=== EXCERPTED DATA ===

definition polys :: "nat \<Rightarrow> 'a::field mpoly set" where
  "polys n = {p::'a mpoly. \<forall>m \<in> Poly_Mapping.keys p. Poly_Mapping.keys m \<subseteq> {..<n}}"

definition is_poly_ideal :: "nat \<Rightarrow> 'a::field mpoly set \<Rightarrow> bool" where
  "is_poly_ideal n I \<longleftrightarrow> I \<subseteq> polys n \<and> 0 \<in> I \<and>
     (\<forall>p\<in>I. \<forall>q\<in>I. p + q \<in> I) \<and>
     (\<forall>p\<in>I. \<forall>r\<in>polys n. r * p \<in> I)"

definition smult_mp :: "'a::field \<Rightarrow> 'a mpoly \<Rightarrow> 'a mpoly" where
  "smult_mp c p = Poly_Mapping.single 0 c * p"

definition quot_basis :: "nat \<Rightarrow> 'a::field mpoly set \<Rightarrow> 'a mpoly list \<Rightarrow> bool" where
  "quot_basis n I bs \<longleftrightarrow> set bs \<subseteq> polys n \<and>
     (\<forall>p\<in>polys n. \<exists>c. p - (\<Sum>i<length bs. smult_mp (c i) (bs ! i)) \<in> I) \<and>
     (\<forall>c. (\<Sum>i<length bs. smult_mp (c i) (bs ! i)) \<in> I \<longrightarrow> (\<forall>i<length bs. c i = 0))"

definition quot_dim :: "nat \<Rightarrow> 'a::field mpoly set \<Rightarrow> nat \<Rightarrow> bool" where
  "quot_dim n I K \<longleftrightarrow> (\<exists>bs. length bs = K \<and> quot_basis n I bs)"

definition mdeg :: "(nat \<Rightarrow>\<^sub>0 nat) \<Rightarrow> nat" where
  "mdeg m = (\<Sum>i\<in>Poly_Mapping.keys m. Poly_Mapping.lookup m i)"

text \<open>Strict graded lexicographic order with X_1 > X_2 > ... (index 0 largest).\<close>
definition deglex_less :: "(nat \<Rightarrow>\<^sub>0 nat) \<Rightarrow> (nat \<Rightarrow>\<^sub>0 nat) \<Rightarrow> bool" where
  "deglex_less m1 m2 \<longleftrightarrow> mdeg m1 < mdeg m2 \<or>
     (mdeg m1 = mdeg m2 \<and>
       (\<exists>i. Poly_Mapping.lookup m1 i < Poly_Mapping.lookup m2 i \<and> (\<forall>j<i. Poly_Mapping.lookup m1 j = Poly_Mapping.lookup m2 j)))"

definition lead_mon :: "'a::field mpoly \<Rightarrow> (nat \<Rightarrow>\<^sub>0 nat)" where
  "lead_mon p = (THE m. m \<in> Poly_Mapping.keys p \<and> (\<forall>m'\<in>Poly_Mapping.keys p. m' \<noteq> m \<longrightarrow> deglex_less m' m))"

definition lead_coef :: "'a::field mpoly \<Rightarrow> 'a" where
  "lead_coef p = Poly_Mapping.lookup p (lead_mon p)"

definition mon_dvd :: "(nat \<Rightarrow>\<^sub>0 nat) \<Rightarrow> (nat \<Rightarrow>\<^sub>0 nat) \<Rightarrow> bool" where
  "mon_dvd m1 m2 \<longleftrightarrow> (\<forall>i. Poly_Mapping.lookup m1 i \<le> Poly_Mapping.lookup m2 i)"

definition groebner_basis :: "nat \<Rightarrow> 'a::field mpoly set \<Rightarrow> 'a mpoly set \<Rightarrow> bool" where
  "groebner_basis n I G \<longleftrightarrow> finite G \<and> G \<subseteq> I \<and>
     (\<forall>f\<in>I. \<exists>q. (\<forall>g\<in>G. q g \<in> polys n) \<and> f = (\<Sum>g\<in>G. q g * g)) \<and>
     (\<forall>f\<in>I. f \<noteq> 0 \<longrightarrow> (\<exists>g\<in>G. g \<noteq> 0 \<and> mon_dvd (lead_mon g) (lead_mon f)))"

definition reduced_groebner_basis :: "nat \<Rightarrow> 'a::field mpoly set \<Rightarrow> 'a mpoly set \<Rightarrow> bool" where
  "reduced_groebner_basis n I G \<longleftrightarrow> groebner_basis n I G \<and>
     (\<forall>g\<in>G. g \<noteq> 0 \<and> lead_coef g = 1) \<and>
     (\<forall>g\<in>G. \<forall>g'\<in>G. g \<noteq> g' \<longrightarrow> (\<forall>m\<in>Poly_Mapping.keys g'. \<not> mon_dvd (lead_mon g) m))"

end

theory Submission
  imports Defs
begin

(* Let L be the set of leading monomials of the reduced basis and S the set of standard
   monomials, those divisible by no element of L. Standard monomials are linearly independent
   modulo I, so |S| <= K. Subtracting the smallest variable occurring in a non-zero monomial
   maps L and S - {0} injectively into the pairs S x {1..n}, which gives
   |L| + |S| - 1 <= n |S|, i.e. |G| = |L| <= (n - 1) |S| + 1. For n >= 2 and |S| >= 2 some
   pair is missed, which excludes equality unless K = 1 (then S = {0} and L consists of the
   n variables) or n = 1. *)

lemma mdeg_eq_0_iff: "mdeg m = 0 \<longleftrightarrow> m = 0"
  by (auto simp: mdeg_def in_keys_iff intro: poly_mapping_eqI)

lemma deglex_less_irrefl: "\<not> deglex_less m m"
  by (auto simp: deglex_less_def)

===

### EXERCISE DETAILS
Above are the records; repeat exactly the lines from the one holding "m2 \<longleftrightarrow> (\<forall>i." down to the one holding "0 \<longleftrightarrow> m", end lines included.

### COMPLETED EXERCISE
  "mon_dvd m1 m2 \<longleftrightarrow> (\<forall>i. Poly_Mapping.lookup m1 i \<le> Poly_Mapping.lookup m2 i)"

definition groebner_basis :: "nat \<Rightarrow> 'a::field mpoly set \<Rightarrow> 'a mpoly set \<Rightarrow> bool" where
  "groebner_basis n I G \<longleftrightarrow> finite G \<and> G \<subseteq> I \<and>
     (\<forall>f\<in>I. \<exists>q. (\<forall>g\<in>G. q g \<in> polys n) \<and> f = (\<Sum>g\<in>G. q g * g)) \<and>
     (\<forall>f\<in>I. f \<noteq> 0 \<longrightarrow> (\<exists>g\<in>G. g \<noteq> 0 \<and> mon_dvd (lead_mon g) (lead_mon f)))"

definition reduced_groebner_basis :: "nat \<Rightarrow> 'a::field mpoly set \<Rightarrow> 'a mpoly set \<Rightarrow> bool" where
  "reduced_groebner_basis n I G \<longleftrightarrow> groebner_basis n I G \<and>
     (\<forall>g\<in>G. g \<noteq> 0 \<and> lead_coef g = 1) \<and>
     (\<forall>g\<in>G. \<forall>g'\<in>G. g \<noteq> g' \<longrightarrow> (\<forall>m\<in>Poly_Mapping.keys g'. \<not> mon_dvd (lead_mon g) m))"

end

theory Submission
  imports Defs
begin

(* Let L be the set of leading monomials of the reduced basis and S the set of standard
   monomials, those divisible by no element of L. Standard monomials are linearly independent
   modulo I, so |S| <= K. Subtracting the smallest variable occurring in a non-zero monomial
   maps L and S - {0} injectively into the pairs S x {1..n}, which gives
   |L| + |S| - 1 <= n |S|, i.e. |G| = |L| <= (n - 1) |S| + 1. For n >= 2 and |S| >= 2 some
   pair is missed, which excludes equality unless K = 1 (then S = {0} and L consists of the
   n variables) or n = 1. *)

lemma mdeg_eq_0_iff: "mdeg m = 0 \<longleftrightarrow> m = 0"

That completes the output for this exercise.